The presumptive vinyl Grignard intermediate 7 can be trapped with a variety of electrophiles to yield tetrasubstituted allylic alcohols. For example, deuteration, formylation, allylation and bromination proceeds under the conditions indicated in Scheme 2. Likewise, trapping with benzaldehyde provides the allylic alcohols 8 and 9 as single olefin isomers. Finally, trapping the vinyl iron or magnesium species with a pendant alkyne yields the cyclic diene 10 in good yield.
Scheme 2.
Synthesis of tetrasubstituted olefins.
Further studies of the iron-catalyzed carbomagnesiation may reveal intimate details of the reaction mechanism. In the meantime the method offers an efficient and stereoselective synthesis of tri- and tetrasubstituted olefins. Of note, the carbometalation reported here yields Z-configured allylic and homoallylic olefins.

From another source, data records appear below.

lemma exists_reduced_word_with_pattern_if_crossing:
  assumes "fin_perm w" and "1 \<le> k" and wk: "Suc k < w k" and wSSk: "w (Suc (Suc k)) \<le> k"
  shows "\<exists>a. reduced_word w a \<and> (has_pattern a k (Suc k) \<or> has_pattern a (Suc k) k)"
proof -
  consider (up) "w k < w (Suc k)"
    | (down_up) "w (Suc k) < w k" "w (Suc k) < w (Suc (Suc k))"
    | (down_down) "w (Suc (Suc k)) < w (Suc k)" "w (Suc k) < w k"
    using fin_perm_ascent_if_not_descent[OF assms(1), of k]
      fin_perm_ascent_if_not_descent[OF assms(1), of "Suc k"] by blast
  then show ?thesis
  proof cases
    case up
    obtain b where b: "reduced_word (w \<circ> sigma (Suc k) \<circ> sigma k) b"
      using assms(1,2) by (meson exists_reduced_word fin_perm_comp_sigma le_SucI)
    have "Suc k \<in> set b"
    proof (rule ccontr)
      assume "Suc k \<notin> set b"
      then have "word_perm b (Suc k) \<le> Suc k"
        by (simp add: word_perm_le_iff)
      then show False
        using b wk by (simp add: reduced_word_def sigma_def)
    qed
    have "reduced_word (w \<circ> sigma (Suc k)) (b @ [k])"
      by (rule reduced_word_snoc_descent[OF b]) (use wk wSSk assms(2) in \<open>simp_all add: sigma_def\<close>)
    then have "reduced_word w ((b @ [k]) @ [Suc k])"
      by (rule reduced_word_snoc_descent) (use up wk wSSk in simp_all)
    moreover have "has_pattern (b @ [k, Suc k]) (Suc k) k"
      using \<open>Suc k \<in> set b\<close> by (rule has_pattern_append_pair)
    ultimately show ?thesis
      by auto
  next
    case down_up
    obtain b where b: "reduced_word (w \<circ> sigma k \<circ> sigma (Suc k)) b"
      using assms(1,2) by (meson exists_reduced_word fin_perm_comp_sigma le_SucI)
    have "k \<in> set b"
    proof (rule ccontr)
      assume "k \<notin> set b"
      then have "\<not> word_perm b (Suc k) \<le> k"
        by (simp add: word_perm_le_iff)
      then show False
        using b wSSk by (simp add: reduced_word_def sigma_def)
    qed
    have "reduced_word (w \<circ> sigma k) (b @ [Suc k])"
      by (rule reduced_word_snoc_descent[OF b]) (use wk wSSk in \<open>simp_all add: sigma_def\<close>)
    then have "reduced_word w ((b @ [Suc k]) @ [k])"
      by (rule reduced_word_snoc_descent) (use down_up assms(2) in simp_all)
    moreover have "has_pattern (b @ [Suc k, k]) k (Suc k)"
      using \<open>k \<in> set b\<close> by (rule has_pattern_append_pair)
    ultimately show ?thesis
      by auto
  next
    case down_down
    obtain b where b: "reduced_word (w \<circ> sigma k \<circ> sigma (Suc k) \<circ> sigma k) b"
      using assms(1,2) by (meson exists_reduced_word fin_perm_comp_sigma le_SucI)
    have "reduced_word (w \<circ> sigma k \<circ> sigma (Suc k)) (b @ [k])"
      by (rule reduced_word_snoc_descent[OF b]) (use down_down assms(2) in \<open>simp_all add: sigma_def\<close>)
    then have "reduced_word (w \<circ> sigma k) ((b @ [k]) @ [Suc k])"
      by (rule reduced_word_snoc_descent) (use down_down in \<open>simp_all add: sigma_def\<close>)
    then have "reduced_word w (((b @ [k]) @ [Suc k]) @ [k])"
      by (rule reduced_word_snoc_descent) (use down_down assms(2) in simp_all)
    moreover have "has_pattern ((b @ [k]) @ [Suc k, k]) k (Suc k)"
      by (rule has_pattern_append_pair) simp
    ultimately show ?thesis
      by auto
  qed
qed

lemma exists_reduced_word_with_pattern:
  assumes "fin_perm w" and "\<not> splits_at k w" and "\<not> splits_at k (inv w)"
  shows "\<exists>a. reduced_word w a \<and> (has_pattern a k (Suc k) \<or> has_pattern a (Suc k) k)"
  using assms
proof (induction "num_inversions w" arbitrary: w rule: less_induct)
  case less
  have w0: "w 0 = 0"
    using less.prems(1) by (simp add: fin_perm_def)
  show ?case
  proof (cases "\<exists>i. i \<noteq> k \<and> i \<noteq> Suc k \<and> w (Suc i) < w i")
    case True
    then obtain i where i: "i \<noteq> k" "i \<noteq> Suc k" "w (Suc i) < w i"
      by blast
    have "1 \<le> i"
      using i(3) w0 by (cases i) auto
    let ?v = "w \<circ> sigma i"
    have "fin_perm ?v"
      using less.prems(1) \<open>1 \<le> i\<close> by (rule fin_perm_comp_sigma)
    moreover have "\<not> splits_at k ?v" "\<not> splits_at k (inv ?v)"
      using less.prems i(1,2) \<open>1 \<le> i\<close> splits_at_comp_sigma splits_at_inv_comp_sigma by auto
    moreover have "num_inversions ?v < num_inversions w"
      using num_inversions_comp_sigma_descent[OF finite_inversions[OF less.prems(1)] i(3)] by simp
    ultimately obtain a where a: "reduced_word ?v a"
        "has_pattern a k (Suc k) \<or> has_pattern a (Suc k) k"
      using less.hyps[of ?v] by blast
    have "reduced_word w (a @ [i])"
      using reduced_word_snoc_descent[OF a(1) i(3) \<open>1 \<le> i\<close>] .
    then show ?thesis
      using a(2) has_pattern_append[of a] by blast
  next
    case False
    then have incr: "w i < w (Suc i)" if "i \<noteq> k" "i \<noteq> Suc k" for i
      using fin_perm_ascent_if_not_descent[OF less.prems(1)] that by blast
    obtain x where x: "x \<le> k" "Suc k < w x"
      using less.prems(2) by (auto simp: splits_at_def not_le)
    obtain y where y: "Suc k < y" "w y \<le> k"
      using less.prems(3) splits_at_inv_iff[OF less.prems(1)] by (auto simp: not_le)
    have "w x \<le> w k"
      using incr x(1) by (intro le_if_increasing_between[of x k w]) auto
    moreover have "w (Suc (Suc k)) \<le> w y"
      using incr y(1) by (intro le_if_increasing_between[of "Suc (Suc k)" y w]) auto
    moreover have "1 \<le> k"
      using x w0 by (cases x) auto
    ultimately show ?thesis
      using exists_reduced_word_with_pattern_if_crossing[OF less.prems(1)] x(2) y(2) by simp
  qed
qed

theorem proposition3p10:
  fixes w :: "nat \<Rightarrow> nat" and k :: nat
  assumes "fin_perm w"
    and "{k, k + 1} \<subseteq> supp w"
  defines "P1 \<equiv> (\<exists>a. reduced_word w a \<and>
                    (has_pattern a k (k + 1) \<or> has_pattern a (k + 1) k))"
    and "P2 \<equiv> (\<exists>u v. reduced_word w (u @ v) \<and>
                    (((\<forall>x\<in>set u. x \<le> k) \<and> (\<forall>x\<in>set v. k + 1 \<le> x)) \<or>
                     ((\<forall>x\<in>set u. k + 1 \<le> x) \<and> (\<forall>x\<in>set v. x \<le> k))))"
  shows "(P1 \<and> \<not> P2) \<or> (\<not> P1 \<and> P2)"
proof -
  have "P2 \<longleftrightarrow> splits_at k w \<or> splits_at k (inv w)"
    unfolding P2_def splits_at_iff_exists_reduced_word[OF assms(1)]
      splits_at_inv_iff_exists_reduced_word[OF assms(1)]
    by auto
  moreover have "P1 \<longleftrightarrow> \<not> splits_at k w \<and> \<not> splits_at k (inv w)"
  proof
    assume P1
    then obtain a where red: "reduced_word w a"
      and "has_pattern a k (Suc k) \<or> has_pattern a (Suc k) k"
      unfolding P1_def by auto
    then have "occurs_before a (Suc k) k" "occurs_before (rev a) (Suc k) k"
      using has_pattern_occurs_before occurs_before_rev by blast+
    moreover have "reduced_word (inv w) (rev a)"
      using red by (rule reduced_word_rev)
    ultimately show "\<not> splits_at k w \<and> \<not> splits_at k (inv w)"
      using red splits_at_not_occurs_before by blast
  next
    assume "\<not> splits_at k w \<and> \<not> splits_at k (inv w)"
    then show P1
      unfolding P1_def using exists_reduced_word_with_pattern[OF assms(1)] by simp
  qed
  ultimately show ?thesis
    by blast
qed

end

In contrast, the opposite olefin geometry is obtained from procedures based on carbometalation of terminal alkynes followed by trapping with aldehydes or epoxides.1
Supplementary Material
Complete experimental procedures and characterization data for Table 2 and Scheme 2. This material is available free of charge at http://pubs.acs.org.
Acknowledgments
Financial support from the NIGMS (GM074822) and UT Southwestern (J.M.R. is a Southwestern Medical Foundation Scholar in Biomedical Research).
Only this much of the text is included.